Independent Fiscal Office Shows Improved Economic Outlook, But Difficulty in Coming Fiscal Year

Pennsylvania’s economic situation coming out of the COVID-19 recession is more positive than economists were estimating in November, but trouble could lie ahead when lawmakers work to develop a balanced spending plan for the 2021-22 Fiscal Year.

This was the message conveyed last week as the Independent Fiscal Office presented its Economic and Budget Outlook for Fiscal Years 2020-21 to 2025-26. IFO Executive Director Matthew Knittel said during a virtual briefing that their projection for the end of the current Fiscal Year is a balance of $1.5 billion – far better than the “zero” on the General Fund financial statement that was estimated in November. Knittel said this change was based on the improved economic outlook and the stronger-than-expected revenue collections that have come in in the months since.

However, Knittel acknowledged that the current year’s budget was balanced with one-time fund transfers and federal stimulus funding, which means lawmakers likely face a significant structural deficit next year. The IFO’s outlook forecasts a $2.5 billion deficit for the coming fiscal year – absent any potential federal dollars appropriated by Congress to help states through the current economic situation. The IFO also warned that most of the state’s job losses since spring 2020 are likely to take longer to return, if at all, which can present employment problems that could reverberate for years.

According to a Capitolwire story that did a deep-dive into the IFO’s outlook, Pennsylvania’s latest employment data (for November) shows 455,000 fewer people employed than a year ago, a number that could rise when December data is released. Knittel opined that a concurrent rise in productivity simply means employers have become more productive from recent changes they’ve implemented and he’s doubtful that many of those lost jobs will return. “It’s a permanent loss to a lower growth path, and that’s one of the main things that’s driving the larger structural deficit,” Knittel said.

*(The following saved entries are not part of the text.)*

lemma projections_sum_orthogonal:
  fixes E :: "'i \<Rightarrow> 'a::cstar_algebra"
  assumes I: "finite I" and U: "projection U"
    and E: "\<And>i. i \<in> I \<Longrightarrow> projection (E i) \<and> U * E i = E i"
    and sum_E: "sum E I = U" and a: "a \<in> I" and b: "b \<in> I" and ab: "a \<noteq> b"
  shows "E a * E b = 0"
proof -
  define P where "P = E a"
  define T where "T k = P * E k * P" for k
  have P: "projection P" using E[OF a] by (simp add: P_def)
  have PU: "P * U = P"
    using arg_cong[of _ _ invol, OF conjunct2[OF E[OF a]]] U P
    by (simp add: P_def projection_def invol_mult)
  have "sum T (I - {a}) = P * (U - P) * P"
    using sum.remove[OF I a, of E] sum_E
    by (simp add: T_def P_def sum_distrib_left sum_distrib_right algebra_simps)
  then have "sum T (I - {a}) = 0"
    using P PU by (simp add: projection_def algebra_simps)
  moreover have "invol (T k) = T k \<and> P * T k = T k \<and> T k * P = T k \<and> norm (P - T k) \<le> 1"
    if k: "k \<in> I" for k
  proof -
    have "P - T k = P * (U - E k) * P"
      using P PU by (simp add: T_def projection_def algebra_simps)
    moreover have "norm (U - E k) \<le> 1"
      using E[OF k] by (intro norm_projection_le_1 projection_diff[OF U]) simp_all
    ultimately have "norm (P - T k) \<le> 1"
      by (simp add: norm_mult_le_1 norm_projection_le_1[OF P])
    moreover have "P * T k = T k" using P by (simp add: T_def projection_def flip: mult.assoc)
    moreover have "T k * P = T k" using P by (simp add: T_def projection_def mult.assoc)
    moreover have "invol (T k) = T k"
      using P E[OF k] by (simp add: T_def projection_def invol_mult mult.assoc)
    ultimately show ?thesis by blast
  qed
  ultimately have "T b = 0"
    using I P b ab by (intro corner_contractions_sum_eq_0[of "I - {a}" P T b]) simp_all
  then show ?thesis
    using projection_mult_eq_0_if_corner_eq_0[OF P, of "E b"] E[OF b] by (simp add: P_def T_def)
qed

The IFO also said the federal stimulus passed in December helped offset the drop in business activity in 2020 and injected $52 billion into the economy. However, the office projects that while an improved economy will help restore wage income and employment, it won’t be enough to offset losses in federal assistance programs and an overall drop of $5 billion in cash income, unless additional federal stimulus dollars are provided.

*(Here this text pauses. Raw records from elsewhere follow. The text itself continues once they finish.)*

lemma orbit_first_hit:
  fixes \<xi> t \<alpha> :: real
  assumes "0 < \<alpha>" "\<xi> < t"
  obtains u :: nat where "t \<le> \<xi> + real u * \<alpha>" "\<xi> + real u * \<alpha> < t + \<alpha>"
proof
  define v where "v = (t - \<xi>) / \<alpha>"
  define n where "n = nat \<lceil>v\<rceil>"
  have v: "0 < v" "v * \<alpha> = t - \<xi>" unfolding v_def using assms by simp_all
  then have "v \<le> real n" "real n < v + 1" unfolding n_def by linarith+
  then have "v * \<alpha> \<le> real n * \<alpha>" "real n * \<alpha> < (v + 1) * \<alpha>"
    using assms(1) by (simp_all add: mult_right_mono)
  then show "t \<le> \<xi> + real n * \<alpha>" "\<xi> + real n * \<alpha> < t + \<alpha>"
    using v by (simp_all add: algebra_simps)
qed

lemma rotation_orbit_hits_interval:
  fixes \<xi> A B \<alpha> \<delta> :: real
  assumes \<xi>: "0 \<le> \<xi>" "\<xi> < 1" and AB: "0 \<le> A" "B \<le> 1" "\<alpha> + \<delta> \<le> B - A"
    and \<alpha>: "0 < \<alpha>" "real L * \<alpha> = 1 - \<delta>" "0 \<le> \<delta>"
  obtains u where "u < L" "A \<le> frac (\<xi> + real u * \<alpha>)" "frac (\<xi> + real u * \<alpha>) < B"
proof -
  have u_less: "u < L" if "real u * \<alpha> < real L * \<alpha>" for u
    using that \<alpha>(1) by simp
  consider "\<xi> < A" | "A \<le> \<xi>" "\<xi> < B" | "B \<le> \<xi>" by linarith
  then show thesis
  proof cases
    case 1
    obtain u where u: "A \<le> \<xi> + real u * \<alpha>" "\<xi> + real u * \<alpha> < A + \<alpha>"
      using orbit_first_hit[OF \<alpha>(1) 1] .
    moreover have "frac (\<xi> + real u * \<alpha>) = \<xi> + real u * \<alpha>"
      using u AB \<alpha> by (simp add: frac_eq)
    moreover have "u < L" using u u_less AB \<xi> \<alpha> by simp
    ultimately show thesis using AB \<alpha>(3) by (intro that[of u]) linarith+
  next
    case 2
    have "0 < real L * \<alpha>" using AB \<alpha> by linarith
    then have "0 < L" by (simp add: zero_less_mult_iff)
    then show thesis using that[of 0] 2 \<xi> by (simp add: frac_eq)
  next
    case 3
    then obtain u where u: "1 + A \<le> \<xi> + real u * \<alpha>" "\<xi> + real u * \<alpha> < 1 + A + \<alpha>"
      using orbit_first_hit[OF \<alpha>(1), of \<xi> "1 + A"] \<xi> AB by auto
    moreover have "frac (\<xi> + real u * \<alpha>) = \<xi> + real u * \<alpha> - 1"
      using u AB \<alpha> by (subst frac_unique_iff) simp
    moreover have "u < L" using u u_less AB 3 \<alpha> by simp
    ultimately show thesis using AB \<alpha>(3) by (intro that[of u]) linarith+
  qed
qed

Beyond FY2021-22, lawmakers will have to account for a new transfer of $469 million of sales and use tax revenue from the General Fund to the Public Transportation Trust Fund, but by FY2022-23, the IFO forecasts revenue growth will begin to exceed expenditure growth (which the IFO says will contract somewhat due in large part to an expected decline of the school age population), helping to slowly shrink the structural deficit.